Out in the country neighbors more or less appropriated German raids as their intellectual property. Villages boasted having more bomb craters than nearby towns. Citizens sagely analyzed raids.

They discriminated knowingly between the noise of bombs and antiaircraft, between parachute and ordinary flares, between Whitleys and Messerschmitts—which they now call "Jitterschmitts." (London joked last week about a flustered gentleman who asked a telephone operator: "Quick, give me Messerschmitt 109.") Most London bars stayed open (against regulations), and restaurants also kept going after hours to accommodate customers who were stranded—for taxis, busses and trams halted the moment the warnings sounded. Diners at the Savoy moved down into comfortable shelters under the building where a dance band and cold buffet awaited them.

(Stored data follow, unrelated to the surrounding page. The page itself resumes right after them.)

(* Let $(w_k)_{k\ge0}$ and $(z_k)_{k\ge0}$ be sequences of real numbers, and let $J$ be the infinite matrix \[ J=\begin{bmatrix} w_0&z_0&&&&&\\ w_1&z_1&1&&&&\\ w_2&z_2&0&1&&&\\ w_3&z_3&0&0&1&&\\ w_4&z_4&0&0&0&1&\\ \vdots&\vdots&&&&&\ddots \end{bmatrix}, \] i.e. $J_{i,0}=w_i$, $J_{i,1}=z_i$ for $i\ge0$, $J_{i,i+1}=1$ for $i\ge1$, and all other entries are $0$. Then $J$ is totally positive if and only if both of the following hold: (1) $w_k=z_k=0$ for all $k\ge2$, and $w_0,w_1,z_0,z_1\ge0$; (2) $w_0z_1-w_1z_0\ge0$.
   Context: An infinite matrix is totally positive (TP) if all its minors (of all orders) are nonnegative. *)

theory Defs
  imports Complex_Main "Jordan_Normal_Form.Determinant"
begin

text \<open>An infinite real matrix is a function nat => nat => real (row index first).
  The minor with row indices r 0 < ... < r (k-1) and column indices c 0 < ... < c (k-1).\<close>
definition inf_minor :: "(nat \<Rightarrow> nat \<Rightarrow> real) \<Rightarrow> nat \<Rightarrow> (nat \<Rightarrow> nat) \<Rightarrow> (nat \<Rightarrow> nat) \<Rightarrow> real" where
  "inf_minor A k r c = det (mat k k (\<lambda>(i, j). A (r i) (c j)))"

definition totally_positive :: "(nat \<Rightarrow> nat \<Rightarrow> real) \<Rightarrow> bool" where
  "totally_positive A \<longleftrightarrow>
     (\<forall>k r c. k \<ge> 1 \<longrightarrow> strict_mono_on {..<k} r \<longrightarrow> strict_mono_on {..<k} c \<longrightarrow>
        inf_minor A k r c \<ge> 0)"

definition Jmat :: "(nat \<Rightarrow> real) \<Rightarrow> (nat \<Rightarrow> real) \<Rightarrow> nat \<Rightarrow> nat \<Rightarrow> real" where
  "Jmat w z i j = (if j = 0 then w i else if j = 1 then z i
                   else if i \<ge> 1 \<and> j = i + 1 then 1 else 0)"

end

theory Submission
  imports Defs
begin

(* Once the rows k >= 2 vanish in the first two columns, every row r >= 2 of J has its only
   nonzero entry in column r + 1 and every column c >= 2 its only one in row c - 1. Hence
   expanding along the last row or column reduces each minor of order k + 1 to its
   bottom-right entry times its leading minor of order k, with the single exception of the
   minor on rows and columns {0, 1}, which is w0 z1 - w1 z0. Conversely, the 2x2 minors on
   rows 1, k and columns (0, 2) resp. (1, 2) equal -w k resp. -z k. *)

lemma det_mat_2:
  "det (mat 2 2 f) = (f (0,0) * f (1,1) - f (0,1) * f (1,0) :: 'a::comm_ring_1)"
proof -
  let ?A = "mat 2 2 f"
  have "det ?A = (\<Sum>j<2. ?A $$ (0,j) * cofactor ?A 0 j)"
    by (rule laplace_expansion_row) auto
  also have "\<dots> = f (0,0) * det (mat_delete ?A 0 0) - f (0,1) * det (mat_delete ?A 0 1)"
    by (simp add: cofactor_def numeral_2_eq_2)
  also have "det (mat_delete ?A 0 0) = f (1,1)"
    by (subst det_single) (auto simp: mat_delete_def)
  also have "det (mat_delete ?A 0 1) = f (1,0)"
    by (subst det_single) (auto simp: mat_delete_def)
  finally show ?thesis .
qed

lemma inf_minor_transpose: "inf_minor A k r c = inf_minor (\<lambda>i j. A j i) k c r"
proof -
  have "mat k k (\<lambda>(i, j). A (r i) (c j)) = transpose_mat (mat k k (\<lambda>(i, j). A (r j) (c i)))"
    by (rule eq_matI) auto
  then show ?thesis
    unfolding inf_minor_def by (metis det_transpose mat_carrier)
qed

lemma inf_minor_last_row:
  assumes "\<And>j. j < k \<Longrightarrow> A (r k) (c j) = 0"
  shows "inf_minor A (Suc k) r c = A (r k) (c k) * inf_minor A k r c"
proof -
  define M where "M = mat (Suc k) (Suc k) (\<lambda>(i, j). A (r i) (c j))"
  have "det M = (\<Sum>j<Suc k. M $$ (k,j) * cofactor M k j)"
    by (rule laplace_expansion_row) (auto simp: M_def)
  also have "\<dots> = M $$ (k,k) * cofactor M k k"
    by (subst sum.lessThan_Suc) (simp add: M_def assms)
  also have "cofactor M k k = inf_minor A k r c"
  proof -
    have "mat_delete M k k = mat k k (\<lambda>(i, j). A (r i) (c j))"
      by (rule eq_matI) (auto simp: M_def mat_delete_def)
    then show ?thesis by (simp add: cofactor_def inf_minor_def)
  qed
  finally show ?thesis
    by (simp add: inf_minor_def M_def)
qed

lemma inf_minor_last_col:
  assumes "\<And>i. i < k \<Longrightarrow> A (r i) (c k) = 0"
  shows "inf_minor A (Suc k) r c = A (r k) (c k) * inf_minor A k r c"
  using inf_minor_last_row[of k "\<lambda>i j. A j i" c r] assms
  by (simp add: inf_minor_transpose[of A])

lemma inf_minor_2:
  "inf_minor A 2 r c = A (r 0) (c 0) * A (r 1) (c 1) - A (r 0) (c 1) * A (r 1) (c 0)"
  by (simp add: inf_minor_def det_mat_2)

lemma totally_positive_nonneg:
  assumes "totally_positive A"
  shows "0 \<le> A i j"
proof -
  have "strict_mono_on {..<1} f" for f :: "nat \<Rightarrow> nat"
    by (rule strict_mono_onI) simp
  then have "0 \<le> inf_minor A 1 (\<lambda>_. i) (\<lambda>_. j)"
    using assms unfolding totally_positive_def by blast
  then show ?thesis
    using inf_minor_last_row[of 0 A "\<lambda>_. i" "\<lambda>_. j"] by (simp add: inf_minor_def)
qed

lemma totally_positive_minor_2_nonneg:
  assumes "totally_positive A" "i0 < i1" "j0 < j1"
  shows "0 \<le> A i0 j0 * A i1 j1 - A i0 j1 * A i1 j0"
proof -
  let ?r = "\<lambda>i. if i = 0 then i0 else i1" and ?c = "\<lambda>j. if j = 0 then j0 else j1"
  have "0 \<le> inf_minor A 2 ?r ?c"
    using assms unfolding totally_positive_def by (auto simp: strict_mono_on_def)
  then show ?thesis by (simp add: inf_minor_2)
qed

lemma strict_mono_on_lessThan_imp_increasing:
  fixes f :: "nat \<Rightarrow> nat"
  assumes "strict_mono_on {..<n} f" "i < n"
  shows "i \<le> f i"
  using assms(2)
proof (induction i)
  case (Suc i)
  then show ?case
    using strict_mono_onD[OF assms(1), of i "Suc i"] by simp
qed simp

lemma Jmat_nonneg:
  assumes "\<And>k. 0 \<le> w k" "\<And>k. 0 \<le> z k"
  shows "0 \<le> Jmat w z i j"
  using assms by (simp add: Jmat_def)

lemma inf_minor_Jmat_Suc:
  assumes vanish: "\<forall>k\<ge>2. w k = 0 \<and> z k = 0"
    and r: "strict_mono_on {..<Suc k} r" and c: "strict_mono_on {..<Suc k} c"
    and not_leading: "\<not> (k = 1 \<and> r 1 = 1 \<and> c 1 = 1)"
  shows "inf_minor (Jmat w z) (Suc k) r c = Jmat w z (r k) (c k) * inf_minor (Jmat w z) k r c"
proof -
  have r_less: "r i < r k" if "i < k" for i
    using strict_mono_onD[OF r] that by simp
  have c_less: "c j < c k" if "j < k" for j
    using strict_mono_onD[OF c] that by simp
  have "k \<le> r k" "k \<le> c k"
    using strict_mono_on_lessThan_imp_increasing[OF r]
      strict_mono_on_lessThan_imp_increasing[OF c] by auto
  then have "k = 0 \<or> (2 \<le> c k \<and> r k + 1 \<le> c k) \<or> (2 \<le> r k \<and> c k \<le> r k + 1)"
    using not_leading by (cases "k = 1") auto
  then consider (k0) "k = 0" | (col) "2 \<le> c k" "r k + 1 \<le> c k" | (row) "2 \<le> r k" "c k \<le> r k + 1"
    by blast
  then show ?thesis
  proof cases
    case k0
    then show ?thesis by (simp add: inf_minor_last_row)
  next
    case col
    then show ?thesis
      by (intro inf_minor_last_col) (auto simp: Jmat_def dest: r_less)
  next
    case row
    then show ?thesis
      using vanish by (intro inf_minor_last_row) (auto simp: Jmat_def dest: c_less)
  qed
qed

lemma totally_positive_JmatI:
  assumes vanish: "\<forall>k\<ge>2. w k = 0 \<and> z k = 0"
    and nonneg: "0 \<le> w 0" "0 \<le> w 1" "0 \<le> z 0" "0 \<le> z 1"
    and leading_minor: "0 \<le> w 0 * z 1 - w 1 * z 0"
  shows "totally_positive (Jmat w z)"
proof -
  have "0 \<le> w k" "0 \<le> z k" for k
    using vanish nonneg less_2_cases[of k] by (cases "k \<ge> 2"; fastforce)+
  then have entries: "0 \<le> Jmat w z i j" for i j
    by (rule Jmat_nonneg)
  have "0 \<le> inf_minor (Jmat w z) k r c"
    if "strict_mono_on {..<k} r" "strict_mono_on {..<k} c" for k r c
    using that
  proof (induction k)
    case 0
    then show ?case by (simp add: inf_minor_def)
  next
    case (Suc k)
    show ?case
    proof (cases "k = 1 \<and> r 1 = 1 \<and> c 1 = 1")
      case True
      then have "r 0 = 0" "c 0 = 0"
        using strict_mono_onD[OF Suc.prems(1), of 0 1] strict_mono_onD[OF Suc.prems(2), of 0 1] by auto
      then have "inf_minor (Jmat w z) (Suc k) r c = w 0 * z 1 - w 1 * z 0"
        using True inf_minor_2[of "Jmat w z" r c] by (simp add: Jmat_def numeral_2_eq_2 mult.commute)
      then show ?thesis
        using leading_minor by simp
    next
      case False
      have "0 \<le> inf_minor (Jmat w z) k r c"
      proof (rule Suc.IH)
        show "strict_mono_on {..<k} r" "strict_mono_on {..<k} c"
          using Suc.prems by (auto intro: monotone_on_subset)
      qed
      then show ?thesis
        using inf_minor_Jmat_Suc[OF vanish Suc.prems False] entries by simp
    qed
  qed
  then show ?thesis
    unfolding totally_positive_def by blast
qed

theorem theorem3p4:
  fixes w z :: "nat \<Rightarrow> real"
  shows "totally_positive (Jmat w z) \<longleftrightarrow>
    ((\<forall>k\<ge>2. w k = 0 \<and> z k = 0) \<and> w 0 \<ge> 0 \<and> w 1 \<ge> 0 \<and> z 0 \<ge> 0 \<and> z 1 \<ge> 0)
    \<and> w 0 * z 1 - w 1 * z 0 \<ge> 0"
proof
  assume TP: "totally_positive (Jmat w z)"
  note entry = totally_positive_nonneg[OF TP]
    and minor_2 = totally_positive_minor_2_nonneg[OF TP]
  have "w k = 0 \<and> z k = 0" if "2 \<le> k" for k
    using entry[of k 0] entry[of k 1] minor_2[of 1 k 0 2] minor_2[of 1 k 1 2] that
    by (simp add: Jmat_def)
  then show "((\<forall>k\<ge>2. w k = 0 \<and> z k = 0) \<and> w 0 \<ge> 0 \<and> w 1 \<ge> 0 \<and> z 0 \<ge> 0 \<and> z 1 \<ge> 0)
    \<and> w 0 * z 1 - w 1 * z 0 \<ge> 0"
    using entry[of 0 0] entry[of 1 0] entry[of 0 1] entry[of 1 1] minor_2[of 0 1 0 1]
    by (simp add: Jmat_def mult.commute)
next
  assume "((\<forall>k\<ge>2. w k = 0 \<and> z k = 0) \<and> w 0 \<ge> 0 \<and> w 1 \<ge> 0 \<and> z 0 \<ge> 0 \<and> z 1 \<ge> 0)
    \<and> w 0 * z 1 - w 1 * z 0 \<ge> 0"
  then show "totally_positive (Jmat w z)"
    by (intro totally_positive_JmatI) auto
qed

end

Many had not yet learned bitter lessons, and stayed out to watch the show from roofs and in parks. Roof-squatters presented a problem to the authorities, who feared that their cigarets might be seen. In open Hampstead Heath, overlooking the great expanse of the city, crowds discussed the fingers of searchlights groping above them, analyzed the beams' varying attitudes with an almost professional air, identified the locality of each light as it swung on the raiders.

A major loss was sleep. One morning-after a newspaper seller's placard read: "Good yawning." The nights were fun, but there was much to be done by day, and gradually the people rearranged their sleeping habits. They learned to nap between alarms. In large buildings, couches were wheeled into passages below stairs for those from dangerous top floors. In homes, mattresses were laid in unlikely places if they seemed safer than bed rooms. A deaf woman in London's brainy Bloomsbury each night tied one end of a long string around her toe and hung the other end out of a window. By arrange ment, the local air-raid warden jerked when the sirens sounded.